Every organization is as good as its communication strategy. Now (7th March 2024), the Parliament of Uganda finds itself in a communication predicament. It’s a glaring failure of communication strategy. This predicament speaks to a lack of an effective communication strategy. Remember, strategy can fail at design, at formulation, or at the implementation and control stage. For the case of Parliament, it’s a failure at all stages.

It all started when the Agora Discourse (a digital public square) launched an online exhibition of the activities at the Uganda Parliament. During this exhibition, it was revealed that heinous sums of money had been paid out into personal accounts of various individuals at Parliament.

What followed, was public outrage online in disbelief at the extravagant spend and misuse of public funds.
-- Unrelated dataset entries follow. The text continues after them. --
(* Consider the NEAR-DGD$^t$ iteration $\mathbf{x}_k=\mathbf{Z}^t\mathbf{y}_k$, $\mathbf{y}_{k+1}=\mathbf{x}_k-\alpha\nabla\mathbf{f}(\mathbf{x}_k)$, $k=0,1,2,\ldots$, with fixed integer $t\ge1$, started from $y_{i,0}=s_0$ for all $i$ (a common point $s_0\in\mathbb{R}^p$). Suppose each $f_i$ is $\mu_i$-strongly convex with $L_i$-Lipschitz gradient, and let $0<\alpha<1/L$ with $L=\max_iL_i$. Then for all $k=1,2,\ldots$, $$\|\mathbf{x}_k\|\le D,\qquad \|\mathbf{y}_k\|\le D,\qquad D=\|\mathbf{y}_0-\mathbf{u}^\star\|+\frac{\nu+4}{\nu}\|\mathbf{u}^\star\|,$$ where $\mathbf{u}^\star=(u_1^\star;\ldots;u_n^\star)$ with $u_i^\star=\arg\min f_i$, $\nu=2\alpha\gamma$, $\gamma=\min_i\gamma_i$, $\gamma_i=\frac{\mu_iL_i}{\mu_i+L_i}$. The same bounds hold for the NEAR-DGD$^+$ iteration $\mathbf{x}_k=\mathbf{Z}^{t(k)}\mathbf{y}_k$, $\mathbf{y}_{k+1}=\mathbf{x}_k-\alpha\nabla\mathbf{f}(\mathbf{x}_k)$ for any sequence of positive integers $t(k)$.
   Context: $n$ agents with functions $f_i:\mathbb{R}^p\to\mathbb{R}$. $\mathbf{W}$ is a symmetric doubly-stochastic $n\times n$ matrix of a connected network ($w_{ii}>0$, $w_{ij}>0$ iff $i,j$ neighbours), simple eigenvalue $1$, other eigenvalues in $(-1,1)$. $\mathbf{Z}=\mathbf{W}\otimes I_p$. Vectors in $\mathbb{R}^{np}$ are concatenations $\mathbf{x}=(x_1;\ldots;x_n)$, and $\nabla\mathbf{f}(\mathbf{x})=(\nabla f_1(x_1);\ldots;\nabla f_n(x_n))$. *)

theory Defs
  imports "HOL-Analysis.Analysis"
begin

text \<open>Agents are indexed by a finite type 'n; local variables live in a Euclidean
space 'a (playing the role of R^p). Stacked vectors in R^{np} are functions 'n => 'a.\<close>

definition snorm :: "('n::finite \<Rightarrow> 'a::real_normed_vector) \<Rightarrow> real" where
  "snorm x = sqrt (\<Sum>i\<in>UNIV. (norm (x i))\<^sup>2)"

text \<open>The consensus operator Z = W (Kronecker) I_p acting on stacked vectors.\<close>
definition Zop :: "real^'n^'n \<Rightarrow> ('n::finite \<Rightarrow> 'a::real_vector) \<Rightarrow> ('n \<Rightarrow> 'a)" where
  "Zop W x = (\<lambda>i. \<Sum>j\<in>UNIV. (W $ i $ j) *\<^sub>R x j)"

definition Zpow :: "real^'n^'n \<Rightarrow> nat \<Rightarrow> ('n::finite \<Rightarrow> 'a::real_vector) \<Rightarrow> ('n \<Rightarrow> 'a)" where
  "Zpow W t = (Zop W ^^ t)"

definition mixing_matrix :: "real^'n^'n \<Rightarrow> bool" where
  "mixing_matrix W \<longleftrightarrow>
     (\<forall>i j. W $ i $ j = W $ j $ i) \<and>
     (\<forall>i j. W $ i $ j \<ge> 0) \<and>
     (\<forall>i. (\<Sum>j\<in>UNIV. W $ i $ j) = 1) \<and>
     (\<forall>j. (\<Sum>i\<in>UNIV. W $ i $ j) = 1) \<and>
     (\<forall>i. W $ i $ i > 0) \<and>
     (\<forall>i j. (i, j) \<in> {(a, b). a \<noteq> b \<and> W $ a $ b > 0}\<^sup>*) \<and>
     (\<forall>v. W *v v = v \<longrightarrow> (\<forall>i j. v $ i = v $ j)) \<and>
     (\<forall>lam v. v \<noteq> 0 \<and> W *v v = lam *\<^sub>R v \<longrightarrow> lam = 1 \<or> (-1 < lam \<and> lam < 1))"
Parliament then reacted by hiring different social media influencers in addition to its own communication team. From the onset, it was clear there was no synergy in the communication and neither had the Parliament ever thought of a proper crisis communication plan. It’s been period of retraction, change of messages, mix of messages and instead of clearing its face, Parliament has embroiled itself in a public relations pit-hole.

What then was the problem at Parliament?

It’s clear that there’s no communication strategy at Parliament. It doesn’t seem like Parliament has ever sat down to draft its communication objectives, or worse, analyzed its constituencies when it comes to its messages. From this, one would also have expected to find Parliament’s Communications Policy online detailing all aspects in relation to media relations, internal communications, social media, external communications, public relations and for this point in time, crisis communications. When the policy is drafted, Parliament would then have an agile communication plan that activates all the different elements in the policy.

For the first time, we are witnessing a massive communications disaster, purely a failure of a proper communication strategy framework. Given the communication budget at Parliament, they could surely show up better than they have.